This article was written by Susan CS and originally appeared on the Alteryx Data Science Blog here: https://community.alteryx.com/t5/Data-Science/Locating-Sustainable-Living-with-Data-Science-an-Analytic-App/ba-p/706297
With more companies accepting that remote work is feasible for their employees, some formerly location-locked workers are exploring new possibilities for places to live.
Our very own @ewoodard suggested that we could use data and Alteryx to check out new options! We ran with her great idea and thought it would be interesting to see how different places measured up on aspects of sustainability. If sustainable living is important to you, why not pick a place that reflects those values?
While you can find plenty of lists of “green cities” on the interwebz, neighborhoods vary within cities. And since Alteryx lets us work through big datasets very quickly, why not consider, oh, every neighborhood in the U.S.? Mashing up public data with spatial information, and applying some analytic thinking and data science, all resulted in an analytic app you can try now in the Alteryx Analytics Gallery! (But first, read on to find out how it works …)
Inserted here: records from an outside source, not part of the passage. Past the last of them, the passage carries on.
(* Let $H$ be a finite-dimensional semisimple Hopf algebra over an algebraically closed field $k$ of characteristic $0$. The following are equivalent: (i) there exists a $1$-dimensional representation of $H$ whose character is faithful; (ii) $R(H)=k\langle\sigma\rangle$, the span of the powers of some grouplike element $\sigma$ of $H^*$; (iii) $H\cong(k\langle\sigma\rangle)^*$, i.e. $H^*$ is the group algebra of the cyclic group generated by some grouplike element $\sigma$ of $H^*$.
   Context: A character $\chi_V$ of a finite-dimensional left $H$-module $V$ is faithful if $\mathrm{LKer}_V=k1$, where $\mathrm{LKer}_V=\{h\in H\mid\sum h_1\otimes h_2\cdot v=h\otimes v\ \forall v\in V\}$. $R(H)\subset H^*$ is the span of the irreducible characters of $H$. *)

theory Defs
  imports "HOL-Computational_Algebra.Polynomial"
begin

text \<open>A finite-dimensional Hopf algebra H over a field 'k is encoded by its dimension n
and its structure constants with respect to a basis e_0,...,e_(n-1):
  e_i e_j = sum_l hmu i j l e_l,   1 = sum_l heta l e_l,
  Delta e_i = sum_(j,l) hdelta i j l (e_j (x) e_l),   eps e_i = heps i,
  S e_i = sum_j hS i j e_j.
Elements of H (and of the dual H*) are coordinate functions nat => 'k vanishing
outside {..<n}; for the dual, f i is the value f(e_i).\<close>

record 'k hopf_data =
  hdim :: nat
  hmu :: "nat \<Rightarrow> nat \<Rightarrow> nat \<Rightarrow> 'k"
  heta :: "nat \<Rightarrow> 'k"
  hdelta :: "nat \<Rightarrow> nat \<Rightarrow> nat \<Rightarrow> 'k"
  heps :: "nat \<Rightarrow> 'k"
  hS :: "nat \<Rightarrow> nat \<Rightarrow> 'k"

definition kd :: "nat \<Rightarrow> nat \<Rightarrow> 'k::field" where
  "kd i j = (if i = j then 1 else 0)"

definition alg_closed :: "'k::field itself \<Rightarrow> bool" where
  "alg_closed _ \<longleftrightarrow> (\<forall>p :: 'k poly. degree p > 0 \<longrightarrow> (\<exists>x. poly p x = 0))"

definition hopf_algebra :: "'k::field hopf_data \<Rightarrow> bool" where
  "hopf_algebra H \<longleftrightarrow> (let n = hdim H; m = hmu H; u = heta H; d = hdelta H;
       e = heps H; s = hS H in
    \<comment> \<open>associativity\<close>
    (\<forall>i<n. \<forall>j<n. \<forall>k<n. \<forall>l<n.
        (\<Sum>r<n. m i j r * m r k l) = (\<Sum>r<n. m j k r * m i r l)) \<and>
    \<comment> \<open>unit\<close>
    (\<forall>i<n. \<forall>l<n. (\<Sum>r<n. u r * m r i l) = kd i l \<and> (\<Sum>r<n. u r * m i r l) = kd i l) \<and>
    \<comment> \<open>coassociativity\<close>
    (\<forall>i<n. \<forall>a<n. \<forall>b<n. \<forall>c<n.
        (\<Sum>r<n. d i r c * d r a b) = (\<Sum>r<n. d i a r * d r b c)) \<and>
    \<comment> \<open>counit\<close>
    (\<forall>i<n. \<forall>l<n. (\<Sum>j<n. e j * d i j l) = kd i l \<and> (\<Sum>j<n. e j * d i l j) = kd i l) \<and>
    \<comment> \<open>comultiplication is an algebra map\<close>
    (\<forall>i<n. \<forall>j<n. \<forall>a<n. \<forall>b<n.
        (\<Sum>r<n. m i j r * d r a b) =
        (\<Sum>p<n. \<Sum>q<n. \<Sum>r<n. \<Sum>t<n. d i p q * d j r t * m p r a * m q t b)) \<and>
    (\<forall>a<n. \<forall>b<n. (\<Sum>r<n. u r * d r a b) = u a * u b) \<and>
    \<comment> \<open>counit is an algebra map\<close>
    (\<forall>i<n. \<forall>j<n. (\<Sum>r<n. m i j r * e r) = e i * e j) \<and>
    (\<Sum>r<n. u r * e r) = 1 \<and>
    \<comment> \<open>antipode axioms: m (S x id) Delta = eta eps = m (id x S) Delta\<close>
    (\<forall>i<n. \<forall>l<n.
        (\<Sum>p<n. \<Sum>q<n. \<Sum>r<n. d i p q * s p r * m r q l) = e i * u l \<and>
        (\<Sum>p<n. \<Sum>q<n. \<Sum>r<n. d i p q * s q r * m p r l) = e i * u l))"

definition vecs :: "nat \<Rightarrow> (nat \<Rightarrow> 'k::field) set" where
  "vecs d = {v. \<forall>a\<ge>d. v a = 0}"

text \<open>A d-dimensional left H-module: rho i is the d x d matrix of the action of e_i.\<close>
definition is_module :: "'k::field hopf_data \<Rightarrow> nat \<Rightarrow> (nat \<Rightarrow> nat \<Rightarrow> nat \<Rightarrow> 'k) \<Rightarrow> bool" where
  "is_module H d rho \<longleftrightarrow>
     (\<forall>i<hdim H. \<forall>j<hdim H. \<forall>a<d. \<forall>b<d.
        (\<Sum>c<d. rho i a c * rho j c b) = (\<Sum>r<hdim H. hmu H i j r * rho r a b)) \<and>
     (\<forall>a<d. \<forall>b<d. (\<Sum>r<hdim H. heta H r * rho r a b) = kd a b)"

definition act :: "nat \<Rightarrow> (nat \<Rightarrow> nat \<Rightarrow> nat \<Rightarrow> 'k::field) \<Rightarrow> nat \<Rightarrow> (nat \<Rightarrow> 'k) \<Rightarrow> (nat \<Rightarrow> 'k)" where
  "act d rho i v = (\<lambda>a. if a < d then (\<Sum>b<d. rho i a b * v b) else 0)"

definition lin_subspace :: "nat \<Rightarrow> (nat \<Rightarrow> 'k::field) set \<Rightarrow> bool" where
  "lin_subspace d W \<longleftrightarrow> W \<subseteq> vecs d \<and> (\<lambda>_. 0) \<in> W \<and>
     (\<forall>v\<in>W. \<forall>w\<in>W. (\<lambda>a. v a + w a) \<in> W) \<and> (\<forall>c. \<forall>v\<in>W. (\<lambda>a. c * v a) \<in> W)"

definition invariant :: "'k::field hopf_data \<Rightarrow> nat \<Rightarrow> (nat \<Rightarrow> nat \<Rightarrow> nat \<Rightarrow> 'k) \<Rightarrow> (nat \<Rightarrow> 'k) set \<Rightarrow> bool" where
  "invariant H d rho W \<longleftrightarrow> (\<forall>i<hdim H. \<forall>w\<in>W. act d rho i w \<in> W)"

definition submodule :: "'k::field hopf_data \<Rightarrow> nat \<Rightarrow> (nat \<Rightarrow> nat \<Rightarrow> nat \<Rightarrow> 'k) \<Rightarrow> (nat \<Rightarrow> 'k) set \<Rightarrow> bool" where
  "submodule H d rho W \<longleftrightarrow> lin_subspace d W \<and> invariant H d rho W"

definition irreducible_module :: "'k::field hopf_data \<Rightarrow> nat \<Rightarrow> (nat \<Rightarrow> nat \<Rightarrow> nat \<Rightarrow> 'k) \<Rightarrow> bool" where
  "irreducible_module H d rho \<longleftrightarrow> is_module H d rho \<and> d > 0 \<and>
     (\<forall>W. submodule H d rho W \<longrightarrow> W = {\<lambda>_. 0} \<or> W = vecs d)"

definition semisimple :: "'k::field hopf_data \<Rightarrow> bool" where
  "semisimple H \<longleftrightarrow> (\<forall>d rho. is_module H d rho \<longrightarrow>
     (\<forall>W. submodule H d rho W \<longrightarrow>
        (\<exists>W'. submodule H d rho W' \<and> W \<inter> W' = {\<lambda>_. 0} \<and>
              {(\<lambda>a. w a + w' a) | w w'. w \<in> W \<and> w' \<in> W'} = vecs d)))"

definition character :: "'k::field hopf_data \<Rightarrow> nat \<Rightarrow> (nat \<Rightarrow> nat \<Rightarrow> nat \<Rightarrow> 'k) \<Rightarrow> (nat \<Rightarrow> 'k)" where
  "character H d rho = (\<lambda>i. if i < hdim H then (\<Sum>a<d. rho i a a) else 0)"

definition hone :: "'k::field hopf_data \<Rightarrow> (nat \<Rightarrow> 'k)" where
  "hone H = (\<lambda>l. if l < hdim H then heta H l else 0)"

text \<open>LKer_V = {h | sum h_1 (x) h_2 . v = h (x) v for all v in V}, computed in coordinates of H (x) V.\<close>
definition LKer :: "'k::field hopf_data \<Rightarrow> nat \<Rightarrow> (nat \<Rightarrow> nat \<Rightarrow> nat \<Rightarrow> 'k) \<Rightarrow> (nat \<Rightarrow> 'k) set" where
  "LKer H d rho = {h \<in> vecs (hdim H). \<forall>v \<in> vecs d. \<forall>p<hdim H. \<forall>a<d.
      (\<Sum>i<hdim H. h i * (\<Sum>q<hdim H. hdelta H i p q * (\<Sum>b<d. rho q a b * v b))) = h p * v a}"

definition faithful_char :: "'k::field hopf_data \<Rightarrow> nat \<Rightarrow> (nat \<Rightarrow> nat \<Rightarrow> nat \<Rightarrow> 'k) \<Rightarrow> bool" where
  "faithful_char H d rho \<longleftrightarrow> LKer H d rho = {(\<lambda>l. c * hone H l) | c. True}"

definition lin_span :: "(nat \<Rightarrow> 'k::field) set \<Rightarrow> (nat \<Rightarrow> 'k) set" where
  "lin_span X = {f. \<exists>S c. finite S \<and> S \<subseteq> X \<and> f = (\<lambda>i. \<Sum>x\<in>S. c x * x i)}"

definition RH :: "'k::field hopf_data \<Rightarrow> (nat \<Rightarrow> 'k) set" where
  "RH H = lin_span {character H d rho | d rho. irreducible_module H d rho}"

definition conv :: "'k::field hopf_data \<Rightarrow> (nat \<Rightarrow> 'k) \<Rightarrow> (nat \<Rightarrow> 'k) \<Rightarrow> (nat \<Rightarrow> 'k)" where
  "conv H f g = (\<lambda>i. if i < hdim H then
      (\<Sum>p<hdim H. \<Sum>q<hdim H. hdelta H i p q * f p * g q) else 0)"

definition dual_one :: "'k::field hopf_data \<Rightarrow> (nat \<Rightarrow> 'k)" where
  "dual_one H = (\<lambda>i. if i < hdim H then heps H i else 0)"

definition dpow :: "'k::field hopf_data \<Rightarrow> (nat \<Rightarrow> 'k) \<Rightarrow> nat \<Rightarrow> (nat \<Rightarrow> 'k)" where
  "dpow H \<sigma> m = (conv H \<sigma> ^^ m) (dual_one H)"

text \<open>Grouplike in H*: Delta_{H*}(sigma) = sigma (x) sigma and eps_{H*}(sigma) = 1, i.e.
sigma(e_i e_j) = sigma(e_i) sigma(e_j) and sigma(1) = 1.\<close>
definition grouplike_dual :: "'k::field hopf_data \<Rightarrow> (nat \<Rightarrow> 'k) \<Rightarrow> bool" where
  "grouplike_dual H \<sigma> \<longleftrightarrow> \<sigma> \<in> vecs (hdim H) \<and>
     (\<forall>i<hdim H. \<forall>j<hdim H. (\<Sum>r<hdim H. hmu H i j r * \<sigma> r) = \<sigma> i * \<sigma> j) \<and>
     (\<Sum>r<hdim H. heta H r * \<sigma> r) = 1"

end

theory Submission
  imports Defs "HOL-Library.Function_Algebras"
begin

text \<open>
  A one-dimensional module is the same as a grouplike \<open>\<sigma> \<in> H\<^sup>*\<close>, and its left kernel is the fixed
  space of the hit action \<open>h \<mapsto> h\<^sub>1 \<sigma>(h\<^sub>2)\<close>. Let \<open>I \<subseteq> H\<close> be the common kernel of the powers of \<open>\<sigma>\<close>.
  These powers are algebra maps, so \<open>I\<close> is a two-sided ideal, and semisimplicity gives it a unit \<open>e\<close>;
  the powers span \<open>H\<^sup>*\<close> exactly when \<open>I = 0\<close>.

  If the character of \<open>\<sigma>\<close> is faithful: grouplikes are linearly independent, so there are finitely
  many and \<open>\<sigma>\<close> has finite order. Hence hitting with \<open>\<sigma>\<close> is an algebra automorphism of \<open>I\<close>, and it
  fixes the unit \<open>e\<close>. Faithfulness makes \<open>e\<close> a multiple of \<open>1\<close>, and \<open>\<epsilon>(e) = 0\<close> forces \<open>e = 0\<close>.

  If \<open>R(H)\<close> is spanned by the powers of \<open>\<sigma>\<close> but \<open>I \<noteq> 0\<close>, then \<open>I\<close> contains an irreducible module on
  which \<open>e\<close> acts as the identity. Its character lies in \<open>R(H)\<close>, so it vanishes on \<open>e\<close>, yet its value
  at \<open>e\<close> is the dimension, which is nonzero in characteristic \<open>0\<close>.

  Conversely, if the powers of \<open>\<sigma>\<close> span \<open>H\<^sup>*\<close>, they are the characters of one-dimensional, hence
  irreducible, modules, and every fixed point of the hit action by \<open>\<sigma>\<close> is a multiple of \<open>1\<close>.
\<close>

section \<open>Coordinate vectors\<close>

definition vscale :: "'a::field \<Rightarrow> (nat \<Rightarrow> 'a) \<Rightarrow> nat \<Rightarrow> 'a" where
  "vscale c v = (\<lambda>i. c * v i)"

interpretation coords: vector_space "vscale :: 'a::field \<Rightarrow> (nat \<Rightarrow> 'a) \<Rightarrow> nat \<Rightarrow> 'a"
  by unfold_locales (auto simp: vscale_def fun_eq_iff algebra_simps)

lemma vscale_apply [simp]: "vscale c v i = c * v i"
  by (simp add: vscale_def)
Gathering Neighborhood Data
I gathered data on the level of the census block group (CBG), which is the smallest unit for which the U.S. Census Bureau provides its sample data. Each CBG typically contains 600 to 3,000 people. CBGs may work a bit better than ZIP codes for grouping households in consistent ways. (Check out this article for a full discussion of some of the possible issues with ZIP codes.)
The analytic app uses data from these sources:
- The Environmental Protection Agency’s Walkability Index, Smart Location Database, EnviroAtlas, and Air Quality Index Reports
- The U.S. Department of Agriculture’s Food Environment Atlas and National Farmers Market Directory
- The U.S. Department of Energy’s Alternative Fueling Station Locator
Fortunately, many government agencies offer data at the CBG level, letting us drill down to small areas that best fit our sustainability criteria. When the agencies didn’t specify CBGs, I was able to use Alteryx’s Spatial Match and/or Allocate Append tools to identify them myself.
Finally, CBG-level data wasn’t available for air quality, so I assigned each neighborhood the air quality metrics for its metro area, when available. Air does move around, after all!
Using Clustering to Diversify Results
Unfortunately, it can be tricky to find neighborhoods that satisfy all of the sustainability criteria, especially if you prefer to be in a smaller city or outside of a metro area. I wanted the app to still offer something to the user who maybe only received a couple of matches to their criteria.
I used clustering (the K-Centroids Cluster Analysis and Append Clusters tools) to identify and assign groups to all of the neighborhoods. With the clusters identified, the app will offer not just the perfect matches for the user’s chosen criteria, but also offer five more neighborhoods from the same cluster.
In addition to ensuring every user sees more than just a few results, this approach also might spark new ideas for the user, in terms of thinking of new geographic possibilities, and perhaps even noticing patterns or rethinking their original criteria selections.
Building the App
With the data all tidied up and the clusters assigned to each CBG, the app was straightforward to construct (despite the fact that this is my first analytic app!). I found the resources that @WillM compiled for Santalytics 2020 to be quite helpful, so check those out if you’re a fellow app newbie.
The app allows the user to choose how important various criteria are for their location selection, and then filters the CBGs to find those meeting (or exceeding) the criteria. The app provides maps of the locations and a table of the key information for each, plus a link to Google Maps for each place so it’s easy to investigate further.
Are you ready for a greener new neighborhood? Try the app to see which places might fit you and your sustainability goals best.